What to do: Up to and including the line with "(\<forall>A\<in>sets M. \<forall>B\<in>sets", please reproduce the lines below exactly, beginning with the first.

Records provided:
(* Let $\mu$ be Lebesgue measure on $\mathbb{T}^2$, let $\alpha=n/m$ be rational ($n\in\mathbb{Z}$, $m\ge1$) and $\beta\in\mathbb{R}$. Then the measure-preserving system $(\mathbb{T}^2,\phi,\mu)$ is not weakly mixing. If moreover $\beta\in\mathbb{Z}+\alpha\mathbb{Z}$, then $(\mathbb{T}^2,\phi,\mu)$ is not ergodic.
   Context: $\mathbb{T}^2=[0,1)^2$ with addition modulo 1. Define $\theta(q)=1$ for $q\in[0,\tfrac12)$ and $\theta(q)=-1$ for $q\in[\tfrac12,1)$. The triangle map with parameters $(\alpha,\beta)$ is $\phi(q,p)=(q+p+\alpha\theta(q)+\beta,\ p+\alpha\theta(q)+\beta)\pmod 1$; it is a bijection preserving $\mu$. *)

theory Defs
  imports "HOL-Analysis.Analysis"
begin

text \<open>The torus [0,1)^2, with addition modulo 1 realised by frac.\<close>
definition torus2 :: "(real \<times> real) set" where
  "torus2 = {0..<1} \<times> {0..<1}"

definition mu_T2 :: "(real \<times> real) measure" where
  "mu_T2 = restrict_space lborel torus2"

definition theta :: "real \<Rightarrow> real" where
  "theta q = (if 0 \<le> q \<and> q < 1/2 then 1 else -1)"

definition triangle_map :: "real \<Rightarrow> real \<Rightarrow> real \<times> real \<Rightarrow> real \<times> real" where
  "triangle_map \<alpha> \<beta> x = (case x of (q, p) \<Rightarrow>
     (frac (q + p + \<alpha> * theta q + \<beta>), frac (p + \<alpha> * theta q + \<beta>)))"

definition ergodic :: "'a measure \<Rightarrow> ('a \<Rightarrow> 'a) \<Rightarrow> bool" where
  "ergodic M T \<longleftrightarrow>
     (\<forall>A\<in>sets M. T -` A \<inter> space M = A \<longrightarrow> measure M A = 0 \<or> measure M A = 1)"

definition weakly_mixing :: "'a measure \<Rightarrow> ('a \<Rightarrow> 'a) \<Rightarrow> bool" where
  "weakly_mixing M T \<longleftrightarrow>
     (\<forall>A\<in>sets M. \<forall>B\<in>sets M.
        (\<lambda>N. (\<Sum>n<N. \<bar>measure M ((T ^^ n) -` A \<inter> space M \<inter> B)
                        - measure M A * measure M B\<bar>) / real N) \<longlonglongrightarrow> 0)"

end

theory Submission
  imports Defs
begin

text \<open>
  For rational \<open>\<alpha> = n/m\<close> the coordinate function
  \<open>\<pi>(q,p) = frac (m p)\<close> is a factor map from the triangle map \<open>\<phi>\<close> onto the circle
  rotation by \<open>m \<beta>\<close>: since \<open>m \<alpha> \<theta>(q) = \<plusminus>n\<close> is an integer,
  \<open>\<pi> (\<phi> x) = frac (\<pi> x + m \<beta>)\<close>.  Moreover \<open>\<pi>\<close> pushes the Lebesgue measure of the
  torus to the Lebesgue measure of the circle.  Hence the preimages under \<open>\<pi>\<close> of
  sets of the circle ("cylinders") behave under \<open>\<phi>\<close> like sets under a rotation:

  \<^item> a rotation is never weakly mixing: for the half circle \<open>H\<close> and each time
    \<open>k\<close>, one of the nine test rotates \<open>H + j/8\<close> overlaps \<open>\<phi>\<^sup>-\<^sup>k(H)\<close> in measure
    at least \<open>3/8 > 1/4\<close>, so the Cesaro averages of the correlation defects
    cannot all tend to 0;
  \<^item> if \<open>m \<beta>\<close> is an integer (which is the case when \<open>\<beta> \<in> \<int> + \<alpha> \<int>\<close>), the
    half-circle cylinder is invariant and has measure \<open>1/2\<close>, so \<open>\<phi>\<close> is not ergodic.
\<close>

section \<open>Integrals of 1-periodic functions\<close>

lemma borel_measurable_frac[measurable]: "(frac :: real \<Rightarrow> real) \<in> borel_measurable borel"
proof -
  have "frac = (\<lambda>x::real. x - real_of_int \<lfloor>x\<rfloor>)" by (rule ext) (simp add: frac_def)
  moreover have "(\<lambda>x::real. x - real_of_int \<lfloor>x\<rfloor>) \<in> borel_measurable borel" by measurable
  ultimately show ?thesis by (simp only:)
qed

lemma periodic_integral_unit_interval:
  fixes g :: "real \<Rightarrow> ennreal"
  assumes [measurable]: "g \<in> borel_measurable borel"
  shows "(\<integral>\<^sup>+x. g (frac x) * indicator {a..<a+1} x \<partial>lborel)
       = (\<integral>\<^sup>+x. g (frac x) * indicator {0..<1} x \<partial>lborel)"
proof -
  have translate: "(\<integral>\<^sup>+x. F x \<partial>lborel) = (\<integral>\<^sup>+x. F (t + x) \<partial>lborel)"
    if [measurable]: "F \<in> borel_measurable borel" for F :: "real \<Rightarrow> ennreal" and t
    using nn_integral_real_affine[OF that, of 1 t] by simp
  define k where "k = \<lfloor>a\<rfloor>"
  define a0 where "a0 = frac a"
  have a: "a = of_int k + a0" by (simp add: k_def a0_def frac_def)
  have a0: "0 \<le> a0" "a0 < 1" by (auto simp: a0_def frac_lt_1)
  text \<open>Translate by \<open>k\<close>, then move the part beyond 1 back by 1.\<close>
  have "(\<integral>\<^sup>+x. g (frac x) * indicator {a..<a+1} x \<partial>lborel)
      = (\<integral>\<^sup>+x. g (frac (of_int k + x)) * indicator {a..<a+1} (of_int k + x) \<partial>lborel)"
    by (rule translate) measurable
  also have "\<dots> = (\<integral>\<^sup>+x. g (frac x) * indicator {a0..<1} x + g (frac x) * indicator {1..<1+a0} x \<partial>lborel)"
    by (rule nn_integral_cong) (use a0 in \<open>auto simp: a indicator_def\<close>)
  also have "\<dots> = (\<integral>\<^sup>+x. g (frac x) * indicator {a0..<1} x \<partial>lborel)
                + (\<integral>\<^sup>+x. g (frac x) * indicator {1..<1+a0} x \<partial>lborel)"
    by (rule nn_integral_add) measurable
  also have "(\<integral>\<^sup>+x. g (frac x) * indicator {1..<1+a0} x \<partial>lborel)
      = (\<integral>\<^sup>+x. g (frac (1 + x)) * indicator {1..<1+a0} (1 + x) \<partial>lborel)"
    by (rule translate) measurable
  also have "\<dots> = (\<integral>\<^sup>+x. g (frac x) * indicator {0..<a0} x \<partial>lborel)"
    by (rule nn_integral_cong) (auto simp: indicator_def frac_1_eq add.commute[of 1])
  also have "(\<integral>\<^sup>+x. g (frac x) * indicator {a0..<1} x \<partial>lborel) + \<dots>
      = (\<integral>\<^sup>+x. g (frac x) * indicator {a0..<1} x + g (frac x) * indicator {0..<a0} x \<partial>lborel)"
    by (rule nn_integral_add[symmetric]) measurable
  also have "\<dots> = (\<integral>\<^sup>+x. g (frac x) * indicator {0..<1} x \<partial>lborel)"
    by (rule nn_integral_cong) (use a0 in \<open>auto simp: indicator_def\<close>)
  finally show ?thesis .
qed

lemma periodic_integral_interval:
  fixes g :: "real \<Rightarrow> ennreal"
  assumes [measurable]: "g \<in> borel_measurable borel"
  shows "(\<integral>\<^sup>+x. g (frac x) * indicator {c..<c + real m} x \<partial>lborel)
       = of_nat m * (\<integral>\<^sup>+x. g (frac x) * indicator {0..<1} x \<partial>lborel)"
proof (induction m)
  case 0
  then show ?case by simp
next
  case (Suc m)
  have "(\<integral>\<^sup>+x. g (frac x) * indicator {c..<c + real (Suc m)} x \<partial>lborel)
     = (\<integral>\<^sup>+x. g (frac x) * indicator {c..<c + real m} x
              + g (frac x) * indicator {c + real m..<c + real m + 1} x \<partial>lborel)"
    by (rule nn_integral_cong) (auto simp: indicator_def)
  also have "\<dots> = (\<integral>\<^sup>+x. g (frac x) * indicator {c..<c + real m} x \<partial>lborel)
                + (\<integral>\<^sup>+x. g (frac x) * indicator {c + real m..<c + real m + 1} x \<partial>lborel)"
    by (rule nn_integral_add) measurable
  also have "\<dots> = of_nat (Suc m) * (\<integral>\<^sup>+x. g (frac x) * indicator {0..<1} x \<partial>lborel)"
    using Suc periodic_integral_unit_interval[OF assms, of "c + real m"]
    by (simp add: distrib_right)
  finally show ?case .
qed

text \<open>The map \<open>p \<mapsto> frac (m p + c)\<close> preserves Lebesgue measure on \<open>[0,1)\<close>,
  in integral form: substitute \<open>x = m p + c\<close> and use the previous lemma.\<close>
lemma integral_frac_affine:
  fixes g :: "real \<Rightarrow> ennreal"
  assumes [measurable]: "g \<in> borel_measurable borel" and m: "m \<ge> 1"
  shows "(\<integral>\<^sup>+p. g (frac (real m * p + c)) * indicator {0..<1} p \<partial>lborel)
       = (\<integral>\<^sup>+x. g (frac x) * indicator {0..<1} x \<partial>lborel)"
proof -
  let ?L = "(\<integral>\<^sup>+p. g (frac (real m * p + c)) * indicator {0..<1} p \<partial>lborel)"
  let ?J = "(\<integral>\<^sup>+x. g (frac x) * indicator {0..<1} x \<partial>lborel)"
  have f: "(\<lambda>x. g (frac x) * indicator {c..<c + real m} x) \<in> borel_measurable borel"
    by measurable
  have "of_nat m * ?J = (\<integral>\<^sup>+x. g (frac x) * indicator {c..<c + real m} x \<partial>lborel)"
    using periodic_integral_interval[OF assms(1)] by simp
  also have "\<dots> = ennreal (real m) * (\<integral>\<^sup>+p. g (frac (c + real m * p))
                     * indicator {c..<c + real m} (c + real m * p) \<partial>lborel)"
    using nn_integral_real_affine[OF f, of "real m" c] m by simp
  also have "(\<integral>\<^sup>+p. g (frac (c + real m * p)) * indicator {c..<c + real m} (c + real m * p) \<partial>lborel) = ?L"
    using m by (intro nn_integral_cong) (auto simp: indicator_def add.commute zero_le_mult_iff)
  finally have "of_nat m * ?J = of_nat m * ?L"
    by (simp add: ennreal_of_nat_eq_real_of_nat)
  moreover have "of_nat m \<noteq> (0::ennreal)" "of_nat m \<noteq> (top::ennreal)" using m by auto
  ultimately show ?thesis
    by (simp add: ennreal_mult_cancel_left)
qed

section \<open>The measure space of the torus\<close>

lemma torus2_borel[measurable]: "torus2 \<in> sets (borel :: (real \<times> real) measure)"
  unfolding torus2_def by (rule borel_Times) auto

lemma space_mu_T2: "space mu_T2 = torus2"
  by (simp add: mu_T2_def space_restrict_space)

lemma sets_mu_T2: "A \<in> sets mu_T2 \<longleftrightarrow> A \<subseteq> torus2 \<and> A \<in> sets borel"
  unfolding mu_T2_def by (subst sets_restrict_space_iff) auto

lemma emeasure_mu_T2: "A \<subseteq> torus2 \<Longrightarrow> emeasure mu_T2 A = emeasure lborel A"
  unfolding mu_T2_def by (rule emeasure_restrict_space) auto

text \<open>Cylinder sets: preimages of a set \<open>X\<close> of the circle under the factor map
  \<open>(q,p) \<mapsto> frac (m p)\<close>, rotated by \<open>c\<close>.\<close>
definition cyl :: "nat \<Rightarrow> real \<Rightarrow> real set \<Rightarrow> (real \<times> real) set" where
  "cyl m c X = {x \<in> torus2. frac (real m * snd x + c) \<in> X}"

lemma cyl_sets:
  assumes [measurable]: "X \<in> sets borel"
  shows "cyl m c X \<in> sets mu_T2"
proof -
  have "{x::real \<times> real. frac (real m * snd x + c) \<in> X} \<in> sets (borel \<Otimes>\<^sub>M borel)"
    using measurable_sets[of "\<lambda>x::real \<times> real. frac (real m * snd x + c)" "borel \<Otimes>\<^sub>M borel" borel X]
    by (simp add: space_pair_measure vimage_def)
  then have "{x::real \<times> real. frac (real m * snd x + c) \<in> X} \<in> sets borel"
    by (metis borel_prod)
  then have "torus2 \<inter> {x::real \<times> real. frac (real m * snd x + c) \<in> X} \<in> sets borel"
    using torus2_borel by (rule sets.Int[rotated])
  moreover have "cyl m c X = torus2 \<inter> {x. frac (real m * snd x + c) \<in> X}"
    by (auto simp: cyl_def)
  ultimately show ?thesis by (simp add: sets_mu_T2)
qed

Exercise response:
(* Let $\mu$ be Lebesgue measure on $\mathbb{T}^2$, let $\alpha=n/m$ be rational ($n\in\mathbb{Z}$, $m\ge1$) and $\beta\in\mathbb{R}$. Then the measure-preserving system $(\mathbb{T}^2,\phi,\mu)$ is not weakly mixing. If moreover $\beta\in\mathbb{Z}+\alpha\mathbb{Z}$, then $(\mathbb{T}^2,\phi,\mu)$ is not ergodic.
   Context: $\mathbb{T}^2=[0,1)^2$ with addition modulo 1. Define $\theta(q)=1$ for $q\in[0,\tfrac12)$ and $\theta(q)=-1$ for $q\in[\tfrac12,1)$. The triangle map with parameters $(\alpha,\beta)$ is $\phi(q,p)=(q+p+\alpha\theta(q)+\beta,\ p+\alpha\theta(q)+\beta)\pmod 1$; it is a bijection preserving $\mu$. *)

theory Defs
  imports "HOL-Analysis.Analysis"
begin

text \<open>The torus [0,1)^2, with addition modulo 1 realised by frac.\<close>
definition torus2 :: "(real \<times> real) set" where
  "torus2 = {0..<1} \<times> {0..<1}"

definition mu_T2 :: "(real \<times> real) measure" where
  "mu_T2 = restrict_space lborel torus2"

definition theta :: "real \<Rightarrow> real" where
  "theta q = (if 0 \<le> q \<and> q < 1/2 then 1 else -1)"

definition triangle_map :: "real \<Rightarrow> real \<Rightarrow> real \<times> real \<Rightarrow> real \<times> real" where
  "triangle_map \<alpha> \<beta> x = (case x of (q, p) \<Rightarrow>
     (frac (q + p + \<alpha> * theta q + \<beta>), frac (p + \<alpha> * theta q + \<beta>)))"

definition ergodic :: "'a measure \<Rightarrow> ('a \<Rightarrow> 'a) \<Rightarrow> bool" where
  "ergodic M T \<longleftrightarrow>
     (\<forall>A\<in>sets M. T -` A \<inter> space M = A \<longrightarrow> measure M A = 0 \<or> measure M A = 1)"

definition weakly_mixing :: "'a measure \<Rightarrow> ('a \<Rightarrow> 'a) \<Rightarrow> bool" where
  "weakly_mixing M T \<longleftrightarrow>
     (\<forall>A\<in>sets M. \<forall>B\<in>sets M.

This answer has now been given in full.